Let's examine the steps for a popular usability test method: the formal usability test.
1. Personas and use scenarios
To start a usability test, you first need to understand the users. Who is using the system? Why are they using the information product? How are they accessing the system? And what are their goals in using the system? These basic questions form the basis of personas and use scenarios.
A persona is a fictional description of who uses the system. These personas don't need to be very long, but they do need to be realistic. Describe the typical people who access the system using everyday words. A successful persona will sound very familiar; the personas will "feel" like the people who actually use the system.

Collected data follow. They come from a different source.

lemma link_eq_if_exchanges_singletons:
  assumes P: "P a = {wa}" "P b = {wb}" "P c = {wc}" and d: "wa \<noteq> wb" "wa \<noteq> wc" "wb \<noteq> wc"
    and G: "card (G a) = 2" "card (G b) = 2" "card (G c) = 2"
  shows "G a = {{wa, wb}, {wa, wc}}"
proof -
  obtain r1 r2 where r: "G a = {{wa, r1}, {wa, r2}}" "r1 \<noteq> r2"
    using link_cherry[OF in_E(1) G(1) P(1)] .
  obtain s1 s2 where s: "G b = {{wb, s1}, {wb, s2}}" "s1 \<noteq> s2"
    using link_cherry[OF in_E(2) G(2) P(2)] .
  obtain t1 t2 where t: "G c = {{wc, t1}, {wc, t2}}" "t1 \<noteq> t2"
    using link_cherry[OF in_E(3) G(3) P(3)] .
  have "wb = r1 \<or> wb = r2"
    by (rule cherries_meeting[OF d(1) r(2) s(2)];
        rule links_meet[OF in_E(1,2) distinct_abc(1)]; simp add: r(1) s(1))
  moreover have "wc = r1 \<or> wc = r2"
    by (rule cherries_meeting[OF d(2) r(2) t(2)];
        rule links_meet[OF in_E(1,3) distinct_abc(2)]; simp add: r(1) t(1))
  ultimately have "{r1, r2} = {wb, wc}" using d r(2) by auto
  then show ?thesis using r(1) by (auto simp: doubleton_eq_iff)
qed

end

locale gamma5_edge = tau3_edge +
  assumes avoiding_ge_5: "v \<in> \<Union>T \<Longrightarrow> 5 \<le> card (avoiding T v)"
begin

lemma gamma5_edge_perm:
  "gamma5_edge T E b a c" "gamma5_edge T E a c b" "gamma5_edge T E c a b"
  using tau3_edge_perm gamma5_edge_axioms by (simp_all add: gamma5_edge_def)

lemma link_edges_meet:
  assumes e: "e \<in> G a" and f: "f \<in> G a"
  shows "e \<inter> f \<noteq> {}"
proof
  assume ef: "e \<inter> f = {}"
  then have "P a = {}"
    using exchange_in_link_edge[OF in_E(1) _ e] exchange_in_link_edge[OF in_E(1) _ f] by blast
  moreover have "5 \<le> card (avoiding T a)"
    using avoiding_ge_5 edge in_E(1) by blast
  ultimately show False
    using card_avoiding_le card_links_add_le_4_if_disjoint[OF e f ef] by simp
qed

lemma triangle_links_impossible:
  assumes d: "p \<noteq> q" "q \<noteq> r" "p \<noteq> r" and D: "D = {{p, q}, {q, r}, {p, r}}"
    and Ga: "D \<subseteq> G a" and Gb: "G b = D" and Gc: "G c \<subseteq> D" "2 \<le> card (G c)"
  shows False
proof -
  have meet_triangle: "g \<in> D" if "card g = 2" "\<And>h. h \<in> D \<Longrightarrow> g \<inter> h \<noteq> {}" for g
    unfolding D by (rule pair_meeting_triangle[OF that(1) d]; rule that(2); simp add: D)
  have "G a \<subseteq> D"
  proof
    fix g assume g: "g \<in> G a"
    show "g \<in> D"
      by (rule meet_triangle[OF card_link_edge[OF in_E(1) g]])
        (use links_meet[OF in_E(1,2) distinct_abc(1) g] in \<open>simp add: Gb\<close>)
  qed
  have "P a = {}" "P b = {}"
    using exchanges_empty_if_triangle_in_link[OF in_E(1) d] exchanges_empty_if_triangle_in_link[OF in_E(2) d]
      Ga Gb D by simp_all
  obtain g1 g2 where g: "g1 \<in> G c" "g2 \<in> G c" "g1 \<noteq> g2"
    using Gc(2) by (rule card_ge_2_obtain)
  moreover have "g1 \<inter> g2 \<noteq> {}" using g Gc(1) D by auto
  ultimately obtain y where y: "g1 \<inter> g2 = {y}" and "P c \<subseteq> {y}"
    by (rule exchanges_in_common_vertex[OF in_E(3)])
  have "y \<in> g1" "g1 \<subseteq> {p, q, r}" using y g(1) Gc(1) D by auto
  then have V: "card {p, q, r} = 3" "y \<in> {p, q, r}" using d by auto
  have "card (avoiding T y) \<le> 4"
  proof (rule avoiding_le_4_if_links_in_triangle[OF V])
    fix u assume "u \<in> E"
    then consider "u = a" | "u = b" | "u = c" using in_E_iff by blast
    then have "G u \<subseteq> D" "P u \<subseteq> {y}"
      using \<open>G a \<subseteq> D\<close> Gb Gc(1) \<open>P a = {}\<close> \<open>P b = {}\<close> \<open>P c \<subseteq> {y}\<close> by (cases; simp)+
    then show "G u \<subseteq> (\<lambda>v. {p, q, r} - {v}) ` {p, q, r}" "P u \<subseteq> {y}"
      unfolding D triangle_eq_image[OF d] by simp_all
  qed
  moreover have "y \<in> \<Union>T" using y g(1) mem_Union_if_link_edge by blast
  ultimately show False using avoiding_ge_5 by fastforce
qed

lemma link_no_triangle:
  assumes d: "p \<noteq> q" "q \<noteq> r" "p \<noteq> r" and sub: "{{p, q}, {q, r}, {p, r}} \<subseteq> G a"
  shows False
proof -
  interpret acb: gamma5_edge T E a c b by (rule gamma5_edge_perm(2))
  define D where "D = {{p, q}, {q, r}, {p, r}}"
  have in_D: "G u \<subseteq> D" if "u \<in> E" "u \<noteq> a" for u
  proof
    fix g assume g: "g \<in> G u"
    have "g \<inter> h \<noteq> {}" if "h \<in> D" for h
      using links_meet[OF \<open>u \<in> E\<close> in_E(1) \<open>u \<noteq> a\<close> g] sub that unfolding D_def by blast
    then show "g \<in> D"
      using pair_meeting_triangle[OF card_link_edge[OF \<open>u \<in> E\<close> g] d] unfolding D_def by blast
  qed
  have Gb: "G b \<subseteq> D" and Gc: "G c \<subseteq> D"
    using in_D in_E distinct_abc by auto
  have "P a = {}" by (rule exchanges_empty_if_triangle_in_link[OF in_E(1) d sub])
  moreover have "5 \<le> card (avoiding T a)"
    using avoiding_ge_5 edge in_E(1) by blast
  ultimately have "5 \<le> card (G b) + card (G c)" using card_avoiding_le by simp
  moreover have "finite D" "card D \<le> 3"
    unfolding D_def using card_length[of "[{p, q}, {q, r}, {p, r}]"] by auto
  moreover have "card (G b) \<le> card D" "card (G c) \<le> card D"
    using card_mono[OF \<open>finite D\<close>] Gb Gc by auto
  ultimately consider "card (G b) = card D" "2 \<le> card (G c)" | "card (G c) = card D" "2 \<le> card (G b)"
    by linarith
  then show False
  proof cases
    case 1
    then have "G b = D" using card_subset_eq[OF \<open>finite D\<close> Gb] by blast
    then show False
      using triangle_links_impossible[OF d D_def _ _ Gc 1(2)] sub D_def by blast
  next
    case 2
    then have "G c = D" using card_subset_eq[OF \<open>finite D\<close> Gc] by blast
    then show False
      using acb.triangle_links_impossible[OF d D_def _ _ Gb 2(2)] sub D_def by blast
  qed
qed

lemma card_link_le_2: "card (G a) \<le> 2"
  using card_link_edge[OF in_E(1)] link_edges_meet link_no_star[OF in_E(1)] link_no_triangle
  by (rule card_le_2_if_no_star_no_triangle)

lemma card_link_and_exchanges: "card (G a) = 2" "card (P a) = 1"
proof -
  interpret bac: gamma5_edge T E b a c by (rule gamma5_edge_perm(1))
  interpret cab: gamma5_edge T E c a b by (rule gamma5_edge_perm(3))
  have "a \<in> \<Union>T" "b \<in> \<Union>T" "c \<in> \<Union>T" using edge in_E by blast+
  then have "5 \<le> card (avoiding T a)" "5 \<le> card (avoiding T b)" "5 \<le> card (avoiding T c)"
    using avoiding_ge_5 by blast+
  moreover note card_avoiding_le bac.card_avoiding_le cab.card_avoiding_le
  moreover note card_link_le_2 bac.card_link_le_2 cab.card_link_le_2
  moreover note
    card_exchanges_add_link_le_3[OF in_E(1) link_nonempty card_link_le_2]
    card_exchanges_add_link_le_3[OF in_E(2) bac.link_nonempty bac.card_link_le_2]
    card_exchanges_add_link_le_3[OF in_E(3) cab.link_nonempty cab.card_link_le_2]
  ultimately show "card (G a) = 2" "card (P a) = 1" by linarith+
qed

lemma exchange_vertices_differ:
  assumes "P a = {w}" "P c = {w}"
  shows False
proof -
  interpret bac: gamma5_edge T E b a c by (rule gamma5_edge_perm(1))
  have "avoiding T w \<subseteq> insert E (insert b ` G b \<union> (\<lambda>x. insert x (E - {b})) ` P b)"
  proof
    fix F assume "F \<in> avoiding T w"
    then have F: "F \<in> T" "w \<notin> F" by (auto simp: avoiding_def)
    from F(1) show "F \<in> insert E (insert b ` G b \<union> (\<lambda>x. insert x (E - {b})) ` P b)"
    proof (cases rule: member_cases)
      case (link u e)
      with F(2) assms exchange_in_link_edge have "u \<noteq> a" "u \<noteq> c" by blast+
      with link in_E_iff show ?thesis by blast
    next
      case (exchange u w')
      with F(2) assms have "u \<noteq> a" "u \<noteq> c" by auto
      with exchange in_E_iff show ?thesis by blast
    qed simp
  qed
  then have "card (avoiding T w)
      \<le> card (insert E (insert b ` G b \<union> (\<lambda>x. insert x (E - {b})) ` P b))"
    using finite_link finite_exchanges by (intro card_mono) auto
  also have "\<dots> \<le> Suc (card (insert b ` G b \<union> (\<lambda>x. insert x (E - {b})) ` P b))"
    by (rule card_insert_le_Suc)
  also have "\<dots> \<le> Suc (card (insert b ` G b) + card ((\<lambda>x. insert x (E - {b})) ` P b))"
    using card_Un_le by simp
  also have "\<dots> \<le> Suc (card (G b) + card (P b))"
    using add_mono[OF card_image_le[OF finite_link] card_image_le[OF finite_exchanges]] by simp
  finally have "card (avoiding T w) \<le> 4"
    using bac.card_link_and_exchanges by simp
  moreover obtain e where "e \<in> G a" using link_nonempty by blast
  then have "w \<in> \<Union>T"
    using exchange_in_link_edge[OF in_E(1)] assms(1) mem_Union_if_link_edge by blast
  ultimately show False using avoiding_ge_5 by fastforce
qed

A use scenario is a fictional account of how a persona uses the system. Again, the use scenario doesn't need to be very long, but it should describe the goals of a real person who uses the system. Also describe how a real person would use the system; this is often relevant in later steps. For example: If the system is a web interface, does the person access it using a phone, laptop, or desktop computer?
I like to write at least one use scenario for every persona. How many you write depends on the different use cases for the system. For more complex systems, you might need to write two or three use scenarios for each persona.
2. Scenario tasks
Once you have defined the users (personas) and how and why they access the system (use scenarios) you can define scenario tasks.
Each scenario task should set a brief context then ask the tester to do something specific. For example, if you wanted to test how easily testers can change the font size in a web browser app, you might ask:
"You forgot your glasses today, so you are having difficulty reading the screen. Find a way to make the text bigger on the screen."
This sample scenario task sets a brief context (you can't read the screen because you don't have your glasses) and asks the tester to do something specific (increase the font size). Scenario tasks form the backbone of a usability test, so these should be created carefully. Avoid giving accidental hints to the tester. Note that the sample scenario task doesn't use the keyword "font" because "font size" is likely to be a menu action in the web browser. Instead, the scenario task asks the tester to make the text bigger. But if the menu action in the browser used the term "text" instead, you might reconsider another way to ask the scenario task.
3. Recruit your testers
To perform a usability test, there is no replacement for watching real people perform real tasks. The scenario tasks are the real tasks. Testers are the real people.
Use the personas as a starting point for finding testers. Ideally, your testers should reflect the personas. For example, if you wanted to do a usability test of a website with technical support information (to be used by PC support technicians) then your testers should have some knowledge of PC support. If you instead recruit nontechnical users who are not involved in computer support, these testers will "discover" problems that aren't really problems.
If you're new to usability testing, you might think you need lots of testers. After all, we might think more data (more testers) will mean better data. But there's diminishing returns as you add more testers. Each tester will uncover the same or similar issues as other testers before them. Testing with twenty testers will provide a lot of data, but most of it will be overlapping data.
You can get "good enough" data by testing with only five or six testers. This provides enough data to generate actionable results - enough that you can make changes to the system.
4. Make changes
The key to using five testers in a usability test is to perform several iterations of usability testing followed by changes to the design. Create an initial design, test it, make changes, then test it again. After two or three iterations, you will likely work your way to a design that works well for most people.